Conall O'Brien wrote:
>On Tue, Jul 12, 2005 at 06:17:23PM IST, Gareth Eason
><bigbro at skynet.ie> incoherently babbled:
>>>>>To kill a process (in increasing order of impoliteness):
>> 1. use the proscribed method (man page / interface)
>> 2. If it has an interface, try Ctrl + C (break)
>> 3. kill -TERM $PID
>> 4. kill -9 $PID
>> 5. shutdown -t 0 -r now (or similar, to reboot your machine)
>>>>>>That doesn't look complete, or in the right order for that matter...
>>>I'd add "kill -STOP $PID" between 2 and 3.
>>This will do what it says on the tin, and STOP the process. It won't
actually terminate it, which is I believe the desired effect.
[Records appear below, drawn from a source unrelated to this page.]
definition sq_integrable :: "nat \<Rightarrow> (real \<Rightarrow> nat \<Rightarrow> real) \<Rightarrow> bool" where
  "sq_integrable n a \<longleftrightarrow>
     (\<forall>i<n. (\<lambda>t. a t i) \<in> borel_measurable lborel \<and> integrable lborel (\<lambda>t. (a t i)\<^sup>2))"

definition lint_inner :: "nat \<Rightarrow> (real \<Rightarrow> nat \<Rightarrow> real) \<Rightarrow> (real \<Rightarrow> nat \<Rightarrow> real) \<Rightarrow> real" where
  "lint_inner n a b = (\<Sum>i<n. LINT t|lborel. a t i * b t i)"

lemma ip_diff_eq_lint_inner:
  "ip_diff n u v x y = lint_inner n (sig_diff (rep u) (rep v)) (sig_diff (rep x) (rep y))"
  unfolding ip_diff_def lint_inner_def sig_diff_def by simp

lemma sig_imp_sq_integrable: "sig n f \<Longrightarrow> sq_integrable n f"
  unfolding sig_def sq_integrable_def by auto

lemma sq_integrable_integrable_mult:
  assumes "sq_integrable n a" "sq_integrable n b" "i < n"
  shows "integrable lborel (\<lambda>t. a t i * b t i)"
proof (rule Bochner_Integration.integrable_bound[where f = "\<lambda>t. (a t i)\<^sup>2 + (b t i)\<^sup>2"])
  show "integrable lborel (\<lambda>t. (a t i)\<^sup>2 + (b t i)\<^sup>2)"
    using assms unfolding sq_integrable_def by auto
  show "(\<lambda>t. a t i * b t i) \<in> borel_measurable lborel"
    by (rule borel_measurable_times) (use assms in \<open>auto simp: sq_integrable_def\<close>)
  show "AE t in lborel. norm (a t i * b t i) \<le> norm ((a t i)\<^sup>2 + (b t i)\<^sup>2)"
  proof (rule AE_I2)
    fix t
    have "0 \<le> (\<bar>a t i\<bar> - \<bar>b t i\<bar>)\<^sup>2" by simp
    then have "2 * \<bar>a t i * b t i\<bar> \<le> (a t i)\<^sup>2 + (b t i)\<^sup>2"
      by (simp add: power2_diff abs_mult)
    then show "norm (a t i * b t i) \<le> norm ((a t i)\<^sup>2 + (b t i)\<^sup>2)" by simp
  qed
qed

lemma sq_integrable_sig_diff:
  assumes "sq_integrable n a" "sq_integrable n b"
  shows "sq_integrable n (sig_diff a b)"
  unfolding sq_integrable_def
proof (intro allI impI conjI)
  fix i assume i: "i < n"
  show "(\<lambda>t. sig_diff a b t i) \<in> borel_measurable lborel"
    unfolding sig_diff_def
    by (rule borel_measurable_diff) (use assms i in \<open>auto simp: sq_integrable_def\<close>)
  have "(\<lambda>t. (sig_diff a b t i)\<^sup>2) = (\<lambda>t. (a t i)\<^sup>2 - 2 * (a t i * b t i) + (b t i)\<^sup>2)"
    unfolding sig_diff_def by (simp add: power2_eq_square algebra_simps)
  then show "integrable lborel (\<lambda>t. (sig_diff a b t i)\<^sup>2)"
    using assms i sq_integrable_integrable_mult[OF assms i] unfolding sq_integrable_def by auto
qed

lemma lint_inner_self_nonneg: "lint_inner n a a \<ge> 0"
  unfolding lint_inner_def by (intro sum_nonneg integral_nonneg_AE) auto

lemma lint_inner_add_scaled:
  assumes "sq_integrable n a" "sq_integrable n b"
  shows "lint_inner n (\<lambda>t i. a t i + l * b t i) (\<lambda>t i. a t i + l * b t i)
     = lint_inner n a a + 2 * l * lint_inner n a b + l\<^sup>2 * lint_inner n b b"
proof -
  have "(LINT t|lborel. (a t i + l * b t i) * (a t i + l * b t i))
     = (LINT t|lborel. a t i * a t i) + 2 * l * (LINT t|lborel. a t i * b t i)
       + l\<^sup>2 * (LINT t|lborel. b t i * b t i)" if i: "i < n" for i
  proof -
    have "(\<lambda>t. (a t i + l * b t i) * (a t i + l * b t i)) =
       (\<lambda>t. a t i * a t i + (2 * l) * (a t i * b t i) + l\<^sup>2 * (b t i * b t i))"
      by (auto simp: algebra_simps power2_eq_square)
    then show ?thesis
      using sq_integrable_integrable_mult[OF assms(1) assms(1) i]
        sq_integrable_integrable_mult[OF assms(1) assms(2) i]
        sq_integrable_integrable_mult[OF assms(2) assms(2) i]
      by simp
  qed
  then show ?thesis
    unfolding lint_inner_def by (simp add: sum.distrib sum_distrib_left)
qed

lemma quadratic_nonneg_imp_discrim_le:
  fixes A B C :: real
  assumes "B \<ge> 0" and nonneg: "\<And>l. 0 \<le> A + 2 * l * C + l\<^sup>2 * B"
  shows "C\<^sup>2 \<le> A * B"
proof (cases "B = 0")
  case True
  have "C = 0"
  proof (rule ccontr)
    assume "C \<noteq> 0"
    then have "A + 2 * (- (\<bar>A\<bar> + 1) / (2 * C)) * C = A - \<bar>A\<bar> - 1" by simp
    with True nonneg[of "- (\<bar>A\<bar> + 1) / (2 * C)"] show False by simp
  qed
  with True show ?thesis by simp
next
  case False
  with assms(1) have "B > 0" by simp
  with nonneg[of "- C / B"] show ?thesis by (simp add: field_simps power2_eq_square)
qed

lemma lint_inner_Cauchy_Schwarz:
  assumes "sq_integrable n a" "sq_integrable n b"
  shows "(lint_inner n a b)\<^sup>2 \<le> lint_inner n a a * lint_inner n b b"
proof (rule quadratic_nonneg_imp_discrim_le)
  show "0 \<le> lint_inner n b b" by (rule lint_inner_self_nonneg)
  fix l
  show "0 \<le> lint_inner n a a + 2 * l * lint_inner n a b + l\<^sup>2 * lint_inner n b b"
    using lint_inner_self_nonneg unfolding lint_inner_add_scaled[OF assms, symmetric] .
qed

lemma lint_inner_self_eq_0_imp_AE:
  assumes "sq_integrable n a" "lint_inner n a a = 0" "i < n"
  shows "AE t in lborel. a t i = 0"
proof -
  have "\<forall>j\<in>{..<n}. (LINT t|lborel. a t j * a t j) = 0"
    using assms(2) sum_nonneg_eq_0_iff[of "{..<n}" "\<lambda>j. LINT t|lborel. a t j * a t j"]
    unfolding lint_inner_def by (simp add: integral_nonneg_AE)
  then have "(LINT t|lborel. a t i * a t i) = 0" using assms(3) by auto
  then have "AE t in lborel. a t i * a t i = 0"
    using integral_nonneg_eq_0_iff_AE[OF sq_integrable_integrable_mult[OF assms(1) assms(1) assms(3)]]
    by auto
  then show ?thesis by auto
qed

lemma L2cls_self: "sig n f \<Longrightarrow> f \<in> L2cls n f"
  unfolding L2cls_def by auto

lemma rep_L2cls: "sig n f \<Longrightarrow> rep (L2cls n f) \<in> L2cls n f"
  unfolding rep_def by (rule someI[where P = "\<lambda>g. g \<in> L2cls n f"]) (rule L2cls_self)

lemma L2cls_eqI:
  assumes "AE t in lborel. f t = g t"
  shows "L2cls n f = L2cls n g"
proof -
  have "(AE t in lborel. h t = f t) \<longleftrightarrow> (AE t in lborel. h t = g t)" for h
    using assms by (auto elim: AE_mp)
  then show ?thesis unfolding L2cls_def by blast
qed

lemma L2cls_in_L2: "sig n f \<Longrightarrow> L2cls n f \<in> L2 n"
  unfolding L2_def by auto

lemma L2_rep:
  assumes "u \<in> L2 n"
  shows "sig n (rep u)" and "u = L2cls n (rep u)"
proof -
  obtain f where f: "sig n f" "u = L2cls n f" using assms unfolding L2_def by auto
  then have "rep u \<in> L2cls n f" using rep_L2cls by simp
  then have "sig n (rep u)" and "AE t in lborel. rep u t = f t" unfolding L2cls_def by auto
  then show "sig n (rep u)" and "u = L2cls n (rep u)" using L2cls_eqI f(2) by auto
qed

lemma sq_integrable_rep_diff:
  "u \<in> L2 n \<Longrightarrow> v \<in> L2 n \<Longrightarrow> sq_integrable n (sig_diff (rep u) (rep v))"
  using L2_rep(1) by (intro sq_integrable_sig_diff sig_imp_sq_integrable) auto

lemma ip_diff_L2cls:
  assumes "sig n f1" "sig n f2" "sig n g1" "sig n g2"
  shows "ip_diff n (L2cls n f1) (L2cls n f2) (L2cls n g1) (L2cls n g2)
       = lint_inner n (sig_diff f1 f2) (sig_diff g1 g2)"
  unfolding ip_diff_eq_lint_inner lint_inner_def
proof (rule sum.cong[OF refl])
  fix i assume "i \<in> {..<n}"
  have rep: "sig n (rep (L2cls n f))" and ae: "AE t in lborel. rep (L2cls n f) t = f t"
    if "sig n f" for f
    using rep_L2cls[OF that] unfolding L2cls_def by auto
  have meas: "(\<lambda>t. f t i) \<in> borel_measurable lborel" if "sig n f" for f
    using that \<open>i \<in> {..<n}\<close> unfolding sig_def by auto
  show "(LINT t|lborel. sig_diff (rep (L2cls n f1)) (rep (L2cls n f2)) t i
                      * sig_diff (rep (L2cls n g1)) (rep (L2cls n g2)) t i)
      = (LINT t|lborel. sig_diff f1 f2 t i * sig_diff g1 g2 t i)"
  proof (rule integral_cong_AE)
    show "(\<lambda>t. sig_diff (rep (L2cls n f1)) (rep (L2cls n f2)) t i
              * sig_diff (rep (L2cls n g1)) (rep (L2cls n g2)) t i) \<in> borel_measurable lborel"
      unfolding sig_diff_def using rep assms by (intro borel_measurable_times borel_measurable_diff meas) auto
    show "(\<lambda>t. sig_diff f1 f2 t i * sig_diff g1 g2 t i) \<in> borel_measurable lborel"
      unfolding sig_diff_def by (intro borel_measurable_times borel_measurable_diff meas assms)
    show "AE t in lborel. sig_diff (rep (L2cls n f1)) (rep (L2cls n f2)) t i
                        * sig_diff (rep (L2cls n g1)) (rep (L2cls n g2)) t i
                      = sig_diff f1 f2 t i * sig_diff g1 g2 t i"
      using ae[OF assms(1)] ae[OF assms(2)] ae[OF assms(3)] ae[OF assms(4)]
      by eventually_elim (simp add: sig_diff_def)
  qed
qed

lemma ip_diff_same_inputs: "ip_diff n u u x y = 0"
  unfolding ip_diff_def by simp

lemma nrm_diff_self: "nrm_diff n u u = 0"
  unfolding nrm_diff_def ip_diff_def by simp

lemma ip_diff_swap: "ip_diff n u2 u1 y2 y1 = ip_diff n u1 u2 y1 y2"
  unfolding ip_diff_def by (rule sum.cong) (auto simp: algebra_simps)

lemma nrm_diff_commute: "nrm_diff n u2 u1 = nrm_diff n u1 u2"
  unfolding nrm_diff_def by (simp only: ip_diff_swap)

lemma ip_diff_self_nonneg: "ip_diff n u v u v \<ge> 0"
  unfolding ip_diff_eq_lint_inner by (rule lint_inner_self_nonneg)

lemma nrm_diff_power2: "(nrm_diff n u v)\<^sup>2 = ip_diff n u v u v"
  unfolding nrm_diff_def using ip_diff_self_nonneg by simp

lemma ip_diff_Cauchy_Schwarz:
  assumes "u1 \<in> L2 n" "u2 \<in> L2 n" "y1 \<in> L2 n" "y2 \<in> L2 n"
  shows "(ip_diff n u1 u2 y1 y2)\<^sup>2 \<le> (nrm_diff n u1 u2 * nrm_diff n y1 y2)\<^sup>2"
  unfolding power_mult_distrib nrm_diff_power2 ip_diff_eq_lint_inner
  using assms by (intro lint_inner_Cauchy_Schwarz sq_integrable_rep_diff)

lemma nrm_diff_pos:
  assumes "u1 \<in> L2 n" "u2 \<in> L2 n" "u1 \<noteq> u2"
  shows "nrm_diff n u1 u2 > 0"
proof (rule ccontr)
  assume "\<not> ?thesis"
  then have zero: "lint_inner n (sig_diff (rep u1) (rep u2)) (sig_diff (rep u1) (rep u2)) = 0"
    using ip_diff_self_nonneg[of n u1 u2] unfolding nrm_diff_def ip_diff_eq_lint_inner by simp
  have "AE t in lborel. rep u1 t i = rep u2 t i" for i
  proof (cases "i < n")
    case True
    from lint_inner_self_eq_0_imp_AE[OF sq_integrable_rep_diff[OF assms(1,2)] zero True]
    show ?thesis by (auto elim: AE_mp simp: sig_diff_def)
  next
    case False
    then show ?thesis using L2_rep(1)[OF assms(1)] L2_rep(1)[OF assms(2)] unfolding sig_def by auto
  qed
  then have "AE t in lborel. \<forall>i. rep u1 t i = rep u2 t i"
    by (simp add: AE_all_countable)
  then have "AE t in lborel. rep u1 t = rep u2 t"
    by eventually_elim auto
  then have "u1 = u2" using L2cls_eqI L2_rep(2)[OF assms(1)] L2_rep(2)[OF assms(2)] by metis
  with assms(3) show False by simp
qed

definition dissipative_pair ::
    "nat \<Rightarrow> real \<Rightarrow> real \<Rightarrow> real \<Rightarrow> (real \<Rightarrow> nat \<Rightarrow> real) set \<Rightarrow> (real \<Rightarrow> nat \<Rightarrow> real) set
       \<Rightarrow> (real \<Rightarrow> nat \<Rightarrow> real) set \<Rightarrow> (real \<Rightarrow> nat \<Rightarrow> real) set \<Rightarrow> bool" where
  "dissipative_pair n \<epsilon> \<mu> \<gamma> u1 u2 y1 y2 \<longleftrightarrow>
     nrm_diff n y1 y2 \<le> \<mu> * nrm_diff n u1 u2 \<or>
     (ip_diff n u1 u2 y1 y2 \<ge> \<epsilon> * (nrm_diff n u1 u2)\<^sup>2 \<and>
      nrm_diff n y1 y2 \<le> \<gamma> * nrm_diff n u1 u2)"

definition srg_point ::
    "nat \<Rightarrow> (real \<Rightarrow> nat \<Rightarrow> real) set \<Rightarrow> (real \<Rightarrow> nat \<Rightarrow> real) set
       \<Rightarrow> (real \<Rightarrow> nat \<Rightarrow> real) set \<Rightarrow> (real \<Rightarrow> nat \<Rightarrow> real) set \<Rightarrow> real \<Rightarrow> complex" where
  "srg_point n u1 u2 y1 y2 s =
     (if y1 = y2 then 0
      else complex_of_real (nrm_diff n y1 y2 / nrm_diff n u1 u2) * cis (s * angle_diff n u1 u2 y1 y2))"

lemma strongly_incr_dissipative_iff_pairs:
  "strongly_incr_dissipative n \<epsilon> \<mu> \<gamma> H \<longleftrightarrow>
     (\<forall>u1 y1 u2 y2. (u1, y1) \<in> H \<longrightarrow> (u2, y2) \<in> H \<longrightarrow> dissipative_pair n \<epsilon> \<mu> \<gamma> u1 u2 y1 y2)"
  unfolding strongly_incr_dissipative_def dissipative_pair_def by simp

lemma dissipative_pair_commute:
  "dissipative_pair n \<epsilon> \<mu> \<gamma> u2 u1 y2 y1 \<longleftrightarrow> dissipative_pair n \<epsilon> \<mu> \<gamma> u1 u2 y1 y2"
  unfolding dissipative_pair_def by (simp only: nrm_diff_commute ip_diff_swap)

lemma dissipative_pair_same_input_iff:
  assumes "y1 \<in> L2 n" "y2 \<in> L2 n"
  shows "dissipative_pair n \<epsilon> \<mu> \<gamma> u u y1 y2 \<longleftrightarrow> y1 = y2"
  using nrm_diff_pos[OF assms] unfolding dissipative_pair_def
  by (cases "y1 = y2") (auto simp: nrm_diff_self ip_diff_same_inputs)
It's a
valid option to kill but really belongs before 1, since you can change
your mind with this one and restart the same process by sending a kill
-CONT. You need to do more to get rid of the process altogether.
>>Also, kill -TERM is the same thing as kill -15, which should be
>performed *after* kill -9, not before. So 3 and 4 should be swapped.
>>That's just wrong. kill -9 is unequivocal. kill -15 (the default) will
allow the process to clean up before exiting, or ignore it altogether.
Which of these is more polite?
/Ciaran.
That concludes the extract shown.